Llegó, pues, el citado Alejo
quejándose penosamente de sus súbditos, quienes contra toda justicia le habían
privado de su imperio, y suplicándoles humildemente que se dignaran ayudarle a
la vista de su situación. Y si por casualidad con su ayuda pudiera recuperar el
imperio, proporcionaría con largueza a los francos y lombardos todo lo
necesario en ayuda de Tierra Santa. Ganados por la piedad y empujados por la
pobreza lo siguieron; los constantinopolitanos por temor a ellos recibieron a
su señor, simulando exteriormente fidelidad cuando su interior estaba lleno de
engaño. Y por ello cuando los francos y lombardos se alejaron navegando hacia
Tierra Santa -se quejaban acerca del emperador porque no les correspondió según
lo prometido-, los constantinopolitanos volvieron la espalda al señor su
emperador Alejo y lo privaron de la sujeción y obediencia prometida y debida. Viendo,
pues, Alejo la maldad de sus súbditos envió detrás de los francos y lombardos a
sus mensajeros para que los volvieran a llamar: y así se hizo.
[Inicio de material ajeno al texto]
(* Let $\varphi=\frac{1+\sqrt5}{2}$ and $\varkappa_1=4$. (i) Let $x=[a_1,a_2,\ldots,a_t,\ldots]\in(0,1)$ be irrational and suppose $$\limsup_{t\to\infty}\frac{S^{\varphi}_{2t}(x)}{t}<\varkappa_1 .$$ Then the derivative $g'_{\varphi^{-1}}(x)$ exists and equals $+\infty$. (ii) For every $\delta>0$ there exists an irrational $y=[b_1,\ldots,b_t,\ldots]\in(0,1)$ such that the limit $\lim_{t\to\infty}\frac{S^{\varphi}_{2t}(y)}{t}$ exists, satisfies $$\lim_{t\to\infty}\frac{S^{\varphi}_{2t}(y)}{t}<\varkappa_1+\delta,$$ and $g'_{\varphi^{-1}}(y)=0$.
   Context: For irrational $x\in(0,1)$ write $x=[a_1,a_2,\ldots]=[0;a_1,a_2,\ldots]$ for its regular continued fraction expansion with partial quotients $a_i\ge 1$. Define $S^{\varphi}_t(x)=\sum_{i=1}^t a_i\left(\frac32+\frac12(-1)^i\right)=a_1+2a_2+a_3+2a_4+\cdots$ (the first $t$ terms). For $\lambda\in(0,1)$ the Denjoy–Tichy–Uitz function $g_\lambda:[0,1]\to[0,1]$ is defined by $g_\lambda(0/1)=0$, $g_\lambda(1/1)=1$, and, whenever $g_\lambda$ is already defined at two consecutive Farey fractions $\frac pq<\frac rs$ (with no value yet defined strictly between them), $g_\lambda\!\left(\frac{p+r}{q+s}\right)=(1-\lambda)g_\lambda\!\left(\frac pq\right)+\lambda g_\lambda\!\left(\frac rs\right)$; it is extended to irrationals by continuity. It is continuous and strictly increasing. For $\lambda=\varphi^{-1}$ one has, for irrational $x$, $g_{\varphi^{-1}}(x)=\sum_{i\ge1}(-1)^{i-1}\varphi^{-(S^{\varphi}_i(x)-1)}$. The derivative $g'(x)$ is the two-sided limit of $(g(x+\delta)-g(x))/\delta$ as $\delta\to0$, allowed to equal $+\infty$. *)

theory Defs
  imports "HOL-Analysis.Analysis"
begin

definition golden :: real where "golden = (1 + sqrt 5) / 2"

definition gauss_map :: "real \<Rightarrow> real" where
  "gauss_map x = 1 / x - of_int \<lfloor>1 / x\<rfloor>"

definition cf_quot :: "real \<Rightarrow> nat \<Rightarrow> nat" where
  "cf_quot x i = nat \<lfloor>1 / ((gauss_map ^^ (i - 1)) x)\<rfloor>"
  \<comment> \<open>the i-th partial quotient a_i, for i \<ge> 1\<close>

definition S_phi :: "nat \<Rightarrow> real \<Rightarrow> real" where
  "S_phi t x = (\<Sum>i=1..t. real (cf_quot x i) * (3/2 + (1/2) * (-1) ^ i))"

definition farey_nbrs :: "nat \<Rightarrow> nat \<Rightarrow> nat \<Rightarrow> nat \<Rightarrow> bool" where
  "farey_nbrs p q r s \<longleftrightarrow> q > 0 \<and> s > 0 \<and> r \<le> s \<and> r * q = p * s + 1"

text \<open>Denjoy--Tichy--Uitz function g_lambda: the continuous function on [0,1] with
  g(0)=0, g(1)=1 and g((p+r)/(q+s)) = (1-lambda) g(p/q) + lambda g(r/s) for consecutive
  Farey fractions p/q < r/s (every Farey-neighbour pair in [0,1] occurs as a consecutive
  pair in the construction). Outside [0,1] it is set to 0 (irrelevant).\<close>
definition DTU :: "real \<Rightarrow> real \<Rightarrow> real" where
  "DTU lam = (THE g. continuous_on {0..1} g \<and> g 0 = 0 \<and> g 1 = 1 \<and>
      (\<forall>p q r s. farey_nbrs p q r s \<longrightarrow>
          g (real (p + r) / real (q + s)) = (1 - lam) * g (real p / real q) + lam * g (real r / real s)) \<and>
      (\<forall>x. x \<notin> {0..1} \<longrightarrow> g x = 0))"

end

theory Submission
  imports Defs
begin

text \<open>
  Encode the Stern--Brocot tree by binary words (\<open>True\<close> = right child) and let
  \<open>\<mu> = 1/\<phi>\<close>.  The functional equation of \<open>g = g\<^bsub>1/\<phi>\<^esub>\<close> says that a left child receives
  the fraction \<open>\<mu>\<close> and a right child the fraction \<open>\<mu>\<^sup>2\<close> of the \<open>g\<close>-increment of its
  parent, so the increment of \<open>g\<close> over the Farey interval \<open>[p/q, r/s]\<close> of a word with
  \<open>n\<close> letters, \<open>r\<close> of them right turns, is \<open>\<mu>^(n + r)\<close>, while the interval has
  length \<open>1/(q s)\<close>.  The path of \<open>x = [a\<^sub>1, a\<^sub>2, \<dots>]\<close> consists of alternating blocks of
  \<open>a\<^sub>i\<close> equal turns, so after \<open>m\<close> blocks the increment is \<open>\<mu>^(S\<^sub>m(x) - 1)\<close> and the
  denominators have grown at least like \<open>\<phi>^m\<close>.  The difference quotients of \<open>g\<close> at \<open>x\<close>
  are comparable to \<open>\<mu>^(n + r) q s\<close> for the Farey interval that \<open>x + h\<close> leaves.

  (i) If \<open>S\<^sub>2\<^sub>t(x) \<le> c t\<close> with \<open>c < 4\<close>, these quotients are at least
  \<open>\<phi>^(2m - c m/2 - O(1)) \<rightarrow> \<infinity>\<close>.

  (ii) For the purely periodic \<open>y = [B, 1, \<dots>, 1, B, 1, \<dots>]\<close> of period \<open>2N + 2\<close>, the
  upper bound \<open>\<mu>^(n + r) max(q, s)\<^sup>2\<close> for the quotients shrinks by the factor
  \<open>B\<^sup>2 \<phi>^(N + 2) \<mu>^B\<close> per period.  For \<open>N = j\<^sup>2\<close>, \<open>B = j\<^sup>2 + j + 2\<close> and large \<open>j\<close> this
  factor is below 1, so \<open>g'(y) = 0\<close>, while \<open>S\<^sub>2\<^sub>t(y)/t \<rightarrow> (B + 3N + 2)/(N + 1) = 4 + (j - 2)/(j\<^sup>2 + 1)\<close>.
\<close>

section \<open>The golden ratio\<close>

definition mu :: real where "mu = 1 / golden"

lemma golden_sq: "golden^2 = golden + 1"
  unfolding golden_def by (simp add: power2_eq_square field_simps)

lemma golden_gt1: "golden > 1"
proof -
  have "sqrt 5 > 1" by (simp add: real_less_rsqrt)
  thus ?thesis unfolding golden_def by simp
qed

lemma golden_ge_three_halves: "golden \<ge> 3/2"
proof -
  have "sqrt 5 \<ge> 2" by (simp add: real_le_rsqrt)
  thus ?thesis by (simp add: golden_def)
qed

lemma golden_power_Suc_Suc: "golden ^ Suc (Suc m) = golden ^ Suc m + golden ^ m"
proof -
  have "golden ^ Suc (Suc m) = golden^2 * golden ^ m" by (simp add: power2_eq_square)
  thus ?thesis by (simp add: golden_sq algebra_simps)
qed

lemma mu_pos: "mu > 0" using golden_gt1 by (simp add: mu_def)
lemma mu_lt1: "mu < 1" using golden_gt1 by (simp add: mu_def)
lemma mu_golden: "mu * golden = 1" using golden_gt1 by (simp add: mu_def)
lemma ln_mu: "ln mu = - ln golden" using golden_gt1 by (simp add: mu_def ln_div)

lemma mu_sq: "mu^2 = 1 - mu"
proof -
  have "mu^2 * (golden + 1) = 1"
    using golden_gt1 by (simp add: mu_def golden_sq[symmetric] power_divide)
  moreover have "golden * mu^2 = mu"
    using mu_golden by (simp add: power2_eq_square mult.commute mult.left_commute)
  ultimately show ?thesis by (simp add: algebra_simps)
qed

lemma mu_plus_sq: "mu + mu^2 = 1" using mu_sq by simp

lemma mu_split: "mu * w + mu^2 * w = w"
  using mu_plus_sq by (metis distrib_right mult_1)

lemma mu_sq_mix: "mu^2 * a + mu * (a + w) = a + mu * w"
  using mu_split[of a] by (simp add: algebra_simps)

lemma one_minus_inv_golden: "1 - 1/golden = mu^2" using mu_sq by (simp add: mu_def)

lemma mu_le_two_thirds: "mu \<le> 2/3"
  using golden_ge_three_halves golden_gt1 by (simp add: mu_def field_simps)

lemma linear_times_mu_power_le: "(real i + 2) * mu ^ i \<le> 2"
proof (induction i)
  case 0 then show ?case by simp
next
  case (Suc i)
  have "mu * real i \<le> real i" using mult_left_le_one_le[of "real i" mu] mu_pos mu_lt1 by simp
  hence "(real (Suc i) + 2) * mu \<le> real i + 2" using mu_le_two_thirds by (simp add: algebra_simps)
  hence "(real (Suc i) + 2) * mu ^ Suc i \<le> (real i + 2) * mu ^ i"
    using mu_pos by (simp add: mult.assoc[symmetric] mult_right_mono)
  then show ?case using Suc by linarith
qed

section \<open>Stern--Brocot nodes\<close>

type_synonym node = "nat \<times> nat \<times> nat \<times> nat"

definition sb_root :: node where "sb_root = (0,1,1,1)"
fun sb_left :: "node \<Rightarrow> node" where "sb_left (p,q,r,s) = (p,q,p+r,q+s)"
fun sb_right :: "node \<Rightarrow> node" where "sb_right (p,q,r,s) = (p+r,q+s,r,s)"
definition sb_child :: "bool \<Rightarrow> node \<Rightarrow> node" where "sb_child c n = (if c then sb_right n else sb_left n)"
fun lo :: "node \<Rightarrow> real" where "lo (p,q,r,s) = real p / real q"
fun hi :: "node \<Rightarrow> real" where "hi (p,q,r,s) = real r / real s"
fun mediant :: "node \<Rightarrow> real" where "mediant (p,q,r,s) = real (p + r) / real (q + s)"
fun den_lo :: "node \<Rightarrow> nat" where "den_lo (p,q,r,s) = q"
fun den_hi :: "node \<Rightarrow> nat" where "den_hi (p,q,r,s) = s"
fun sb_valid :: "node \<Rightarrow> bool" where
  "sb_valid (p,q,r,s) \<longleftrightarrow> q > 0 \<and> s > 0 \<and> r \<le> s \<and> r * q = p * s + 1"

lemma sb_valid_root: "sb_valid sb_root" by (simp add: sb_root_def)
A su vuelta se aproximaron a
la ciudad de Constantinopla. Eran, en verdad, muy pocos con respecto a la multitud
del pueblo constantinopolitano, pero poderoso es el Señor así en lo poco como
en lo mucho, si quiere triunfar. Ayudados de la divina gracia, sin la que nada
podía hacer, entraron por la fuerza en la ciudad y, matando a derecha e
izquierda a muchos de los habitantes del lugar, ocuparon la ciudad y saquearon
su infinito botín: oro, plata, piedras preciosas, paños sirios, adornos de
diverso género, en todo lo cual más que en todas las ciudades que en el mundo había Constantinopla abundaba. Fue elegido emperador
Balduino, conde de Flandes; el marqués de Montferrato fue hecho rey en Salónica y fue elegido como patriarca cierto veneciano, a
quien yo mismo vi consagrar en Roma en la iglesia de San Pedro por manos de don
Inocencio III. A partir de entonces los latinos obtuvieron Constantinopla y la
iglesia constantinopolitana, a cuyo patriarca, no al citado, sino a su sucesor,
yo mismo vi en el Concilio Lateranense convocado bajo Inocencio III, obedece a
la Iglesia Romana.
Este Concilio se celebró un
año después de la muerte del rey glorioso, y en él intervinieron 420 obispos,
72 arzobispos, el patriarca de Constantinopla y el de Jerusalén y el aquiliense y el grandense. De
abades y de priores y de otros constituidos en dignidad no hay número. Esto
sucedió en la festividad de Todos los Santos y en los "idus" del
siguiente mes de julio don Inocencio III, varón bueno, cuyos hechos Dios hizo
prosperar, entró en el camino de la carne universal.